*** Opening Records for the task ***
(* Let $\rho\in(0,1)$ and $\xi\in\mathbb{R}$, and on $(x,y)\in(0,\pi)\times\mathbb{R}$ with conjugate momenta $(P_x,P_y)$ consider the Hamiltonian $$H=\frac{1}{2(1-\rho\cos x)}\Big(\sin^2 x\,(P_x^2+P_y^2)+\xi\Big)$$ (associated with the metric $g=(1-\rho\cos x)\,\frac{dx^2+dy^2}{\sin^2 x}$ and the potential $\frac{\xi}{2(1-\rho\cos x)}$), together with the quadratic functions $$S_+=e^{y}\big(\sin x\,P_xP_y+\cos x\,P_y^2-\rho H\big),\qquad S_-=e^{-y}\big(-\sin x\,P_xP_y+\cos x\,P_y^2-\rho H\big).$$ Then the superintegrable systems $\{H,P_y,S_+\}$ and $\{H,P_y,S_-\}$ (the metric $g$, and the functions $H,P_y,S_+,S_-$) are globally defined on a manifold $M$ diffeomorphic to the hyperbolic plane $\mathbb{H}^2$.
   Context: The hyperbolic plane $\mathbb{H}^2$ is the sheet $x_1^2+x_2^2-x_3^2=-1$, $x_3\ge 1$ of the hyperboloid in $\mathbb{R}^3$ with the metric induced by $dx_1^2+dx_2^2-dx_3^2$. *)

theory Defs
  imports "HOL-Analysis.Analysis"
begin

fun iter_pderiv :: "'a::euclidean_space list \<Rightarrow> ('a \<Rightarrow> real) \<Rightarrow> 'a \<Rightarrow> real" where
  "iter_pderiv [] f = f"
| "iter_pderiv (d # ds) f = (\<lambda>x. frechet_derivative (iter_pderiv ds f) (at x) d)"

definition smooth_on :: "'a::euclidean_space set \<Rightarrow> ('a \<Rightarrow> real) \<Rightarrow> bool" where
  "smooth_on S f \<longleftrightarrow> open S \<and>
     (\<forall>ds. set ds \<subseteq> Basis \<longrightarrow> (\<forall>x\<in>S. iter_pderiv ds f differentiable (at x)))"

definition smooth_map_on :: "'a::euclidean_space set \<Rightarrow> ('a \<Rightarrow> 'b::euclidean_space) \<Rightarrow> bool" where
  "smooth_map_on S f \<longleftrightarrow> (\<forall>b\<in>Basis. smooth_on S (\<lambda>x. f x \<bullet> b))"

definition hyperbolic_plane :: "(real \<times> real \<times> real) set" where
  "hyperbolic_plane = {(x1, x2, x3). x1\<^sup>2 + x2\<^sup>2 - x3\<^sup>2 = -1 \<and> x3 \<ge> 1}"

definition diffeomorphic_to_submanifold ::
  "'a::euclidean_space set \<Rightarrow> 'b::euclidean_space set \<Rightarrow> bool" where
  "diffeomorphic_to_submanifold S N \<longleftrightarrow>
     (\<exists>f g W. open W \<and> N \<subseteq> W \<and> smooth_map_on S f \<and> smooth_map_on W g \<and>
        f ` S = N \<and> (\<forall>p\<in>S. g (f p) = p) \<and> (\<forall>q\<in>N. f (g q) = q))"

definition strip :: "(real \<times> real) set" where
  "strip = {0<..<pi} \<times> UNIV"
*** Closing Records for the task ***
*** Opening Records for the task ***
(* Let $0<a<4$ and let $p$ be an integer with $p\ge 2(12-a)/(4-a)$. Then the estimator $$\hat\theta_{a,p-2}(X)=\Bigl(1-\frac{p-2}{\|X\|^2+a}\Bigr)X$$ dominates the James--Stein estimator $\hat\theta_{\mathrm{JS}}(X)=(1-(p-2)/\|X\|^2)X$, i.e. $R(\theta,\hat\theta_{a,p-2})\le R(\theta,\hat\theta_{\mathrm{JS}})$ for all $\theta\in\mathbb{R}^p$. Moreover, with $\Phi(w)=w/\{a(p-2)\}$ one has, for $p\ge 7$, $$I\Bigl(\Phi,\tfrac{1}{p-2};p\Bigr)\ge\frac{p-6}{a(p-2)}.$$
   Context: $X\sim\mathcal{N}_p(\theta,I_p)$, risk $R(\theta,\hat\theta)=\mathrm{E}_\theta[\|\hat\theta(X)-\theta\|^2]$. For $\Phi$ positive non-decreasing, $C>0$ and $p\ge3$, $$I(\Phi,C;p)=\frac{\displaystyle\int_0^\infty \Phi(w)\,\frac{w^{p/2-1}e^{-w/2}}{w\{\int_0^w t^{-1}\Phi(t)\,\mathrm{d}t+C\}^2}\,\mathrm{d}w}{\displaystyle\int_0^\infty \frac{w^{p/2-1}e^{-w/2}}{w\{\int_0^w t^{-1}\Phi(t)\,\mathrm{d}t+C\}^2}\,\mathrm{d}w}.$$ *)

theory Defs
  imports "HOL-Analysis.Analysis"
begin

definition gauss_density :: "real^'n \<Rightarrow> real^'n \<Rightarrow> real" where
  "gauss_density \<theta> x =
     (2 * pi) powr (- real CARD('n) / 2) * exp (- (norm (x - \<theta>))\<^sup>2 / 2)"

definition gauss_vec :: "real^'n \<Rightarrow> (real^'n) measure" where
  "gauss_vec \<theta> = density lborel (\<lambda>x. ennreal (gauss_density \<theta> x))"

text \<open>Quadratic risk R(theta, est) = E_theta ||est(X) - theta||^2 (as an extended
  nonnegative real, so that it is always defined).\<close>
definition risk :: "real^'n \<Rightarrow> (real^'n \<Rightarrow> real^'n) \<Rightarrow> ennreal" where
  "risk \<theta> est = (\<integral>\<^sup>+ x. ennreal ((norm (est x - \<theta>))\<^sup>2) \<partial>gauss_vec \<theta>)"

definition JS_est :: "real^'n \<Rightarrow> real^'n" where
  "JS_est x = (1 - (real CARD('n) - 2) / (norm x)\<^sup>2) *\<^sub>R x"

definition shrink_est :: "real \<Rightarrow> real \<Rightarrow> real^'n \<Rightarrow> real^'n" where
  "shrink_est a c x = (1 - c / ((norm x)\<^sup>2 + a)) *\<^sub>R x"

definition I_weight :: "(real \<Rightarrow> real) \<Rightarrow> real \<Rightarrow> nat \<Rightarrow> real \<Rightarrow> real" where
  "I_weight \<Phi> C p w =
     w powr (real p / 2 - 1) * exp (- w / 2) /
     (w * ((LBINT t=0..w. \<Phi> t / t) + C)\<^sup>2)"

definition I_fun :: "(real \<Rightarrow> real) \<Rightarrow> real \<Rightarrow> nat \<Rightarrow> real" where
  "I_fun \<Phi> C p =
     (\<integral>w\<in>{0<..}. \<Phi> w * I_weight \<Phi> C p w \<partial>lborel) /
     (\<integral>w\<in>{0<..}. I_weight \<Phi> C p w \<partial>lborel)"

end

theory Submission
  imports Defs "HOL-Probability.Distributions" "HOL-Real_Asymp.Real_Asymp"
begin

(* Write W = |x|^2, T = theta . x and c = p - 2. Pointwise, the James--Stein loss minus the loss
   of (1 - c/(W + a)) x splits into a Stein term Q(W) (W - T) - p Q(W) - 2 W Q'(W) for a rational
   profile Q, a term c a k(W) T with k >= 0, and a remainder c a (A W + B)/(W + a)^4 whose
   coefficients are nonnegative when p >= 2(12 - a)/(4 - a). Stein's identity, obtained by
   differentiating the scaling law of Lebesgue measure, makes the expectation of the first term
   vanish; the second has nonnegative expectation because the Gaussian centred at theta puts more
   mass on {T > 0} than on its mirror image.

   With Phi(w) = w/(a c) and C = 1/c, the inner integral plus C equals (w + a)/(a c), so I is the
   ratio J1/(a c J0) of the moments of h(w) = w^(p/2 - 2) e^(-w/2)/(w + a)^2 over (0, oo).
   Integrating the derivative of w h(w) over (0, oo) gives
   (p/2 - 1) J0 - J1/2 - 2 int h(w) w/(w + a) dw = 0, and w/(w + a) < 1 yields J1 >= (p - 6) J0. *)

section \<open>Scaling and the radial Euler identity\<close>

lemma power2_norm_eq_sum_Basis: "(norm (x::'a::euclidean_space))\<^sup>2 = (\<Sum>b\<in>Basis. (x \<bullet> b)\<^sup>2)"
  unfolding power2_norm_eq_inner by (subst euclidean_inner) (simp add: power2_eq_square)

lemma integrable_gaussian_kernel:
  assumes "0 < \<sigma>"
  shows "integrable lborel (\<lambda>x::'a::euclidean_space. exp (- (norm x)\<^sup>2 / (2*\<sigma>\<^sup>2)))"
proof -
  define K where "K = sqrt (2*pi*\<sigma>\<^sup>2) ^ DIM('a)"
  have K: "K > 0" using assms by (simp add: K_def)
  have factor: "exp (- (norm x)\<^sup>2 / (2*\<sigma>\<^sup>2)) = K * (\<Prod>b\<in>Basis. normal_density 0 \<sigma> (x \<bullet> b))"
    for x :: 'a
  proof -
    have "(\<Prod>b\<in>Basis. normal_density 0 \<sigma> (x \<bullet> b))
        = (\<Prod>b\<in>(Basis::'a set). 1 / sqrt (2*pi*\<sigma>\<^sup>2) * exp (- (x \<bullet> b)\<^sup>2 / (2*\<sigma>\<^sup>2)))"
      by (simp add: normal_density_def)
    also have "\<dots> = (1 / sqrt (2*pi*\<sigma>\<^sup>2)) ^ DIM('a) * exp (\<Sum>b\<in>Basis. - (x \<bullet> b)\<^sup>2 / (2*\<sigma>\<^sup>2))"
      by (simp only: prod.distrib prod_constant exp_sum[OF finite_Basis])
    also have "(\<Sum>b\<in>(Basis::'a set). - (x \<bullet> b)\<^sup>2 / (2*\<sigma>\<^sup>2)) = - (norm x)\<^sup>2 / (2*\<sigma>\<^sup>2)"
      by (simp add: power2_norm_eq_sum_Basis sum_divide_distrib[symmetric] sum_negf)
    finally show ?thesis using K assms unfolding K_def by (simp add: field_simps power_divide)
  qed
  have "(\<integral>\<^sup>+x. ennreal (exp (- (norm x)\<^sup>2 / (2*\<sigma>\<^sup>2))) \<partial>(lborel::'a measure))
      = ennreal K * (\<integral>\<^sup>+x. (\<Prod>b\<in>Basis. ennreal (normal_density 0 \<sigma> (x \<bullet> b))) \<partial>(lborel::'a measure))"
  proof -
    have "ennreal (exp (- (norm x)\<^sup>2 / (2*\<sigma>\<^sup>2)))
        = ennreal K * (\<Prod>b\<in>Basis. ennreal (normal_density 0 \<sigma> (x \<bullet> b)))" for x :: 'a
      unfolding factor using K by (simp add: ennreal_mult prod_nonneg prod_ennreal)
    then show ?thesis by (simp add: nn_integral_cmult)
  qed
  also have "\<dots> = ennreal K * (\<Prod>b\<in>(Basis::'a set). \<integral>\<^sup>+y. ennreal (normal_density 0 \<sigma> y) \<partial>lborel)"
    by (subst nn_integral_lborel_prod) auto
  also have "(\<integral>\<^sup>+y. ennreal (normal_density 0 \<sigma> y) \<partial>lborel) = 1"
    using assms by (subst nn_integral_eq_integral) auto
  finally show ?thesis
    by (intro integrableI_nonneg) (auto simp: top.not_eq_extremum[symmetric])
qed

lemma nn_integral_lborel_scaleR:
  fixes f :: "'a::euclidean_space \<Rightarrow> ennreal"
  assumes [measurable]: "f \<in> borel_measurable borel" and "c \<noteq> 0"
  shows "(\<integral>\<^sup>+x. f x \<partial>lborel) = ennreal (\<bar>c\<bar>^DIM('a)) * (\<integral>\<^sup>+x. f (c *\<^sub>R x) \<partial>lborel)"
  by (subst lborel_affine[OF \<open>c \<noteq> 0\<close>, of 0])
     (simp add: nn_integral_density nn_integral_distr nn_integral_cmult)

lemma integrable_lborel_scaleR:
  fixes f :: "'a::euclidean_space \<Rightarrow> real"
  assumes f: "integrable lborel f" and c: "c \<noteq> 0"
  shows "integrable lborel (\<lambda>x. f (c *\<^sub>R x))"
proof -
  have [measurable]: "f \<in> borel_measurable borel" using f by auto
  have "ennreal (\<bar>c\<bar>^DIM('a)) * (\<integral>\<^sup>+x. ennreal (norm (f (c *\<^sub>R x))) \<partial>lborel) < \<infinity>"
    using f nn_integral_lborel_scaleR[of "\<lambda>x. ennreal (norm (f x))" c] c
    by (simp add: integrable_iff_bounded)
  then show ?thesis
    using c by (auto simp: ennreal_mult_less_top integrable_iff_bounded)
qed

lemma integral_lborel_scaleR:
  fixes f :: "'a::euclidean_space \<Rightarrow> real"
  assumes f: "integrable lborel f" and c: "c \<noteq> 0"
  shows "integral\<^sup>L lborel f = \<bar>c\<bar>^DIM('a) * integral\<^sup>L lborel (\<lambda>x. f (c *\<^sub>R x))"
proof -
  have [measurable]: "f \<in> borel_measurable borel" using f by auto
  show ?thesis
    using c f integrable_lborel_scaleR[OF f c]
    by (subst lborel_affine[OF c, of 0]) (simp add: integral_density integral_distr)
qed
*** Closing Records for the task ***
#### What you will do:
Please write out, exactly as they appear above, only the lines in the stretch from the line with "theory Submission" through the line with "differentiating the scaling".

#### Answer to this exercise:
theory Submission
  imports Defs "HOL-Probability.Distributions" "HOL-Real_Asymp.Real_Asymp"
begin

(* Write W = |x|^2, T = theta . x and c = p - 2. Pointwise, the James--Stein loss minus the loss
   of (1 - c/(W + a)) x splits into a Stein term Q(W) (W - T) - p Q(W) - 2 W Q'(W) for a rational
   profile Q, a term c a k(W) T with k >= 0, and a remainder c a (A W + B)/(W + a)^4 whose
   coefficients are nonnegative when p >= 2(12 - a)/(4 - a). Stein's identity, obtained by
   differentiating the scaling law of Lebesgue measure, makes the expectation of the first term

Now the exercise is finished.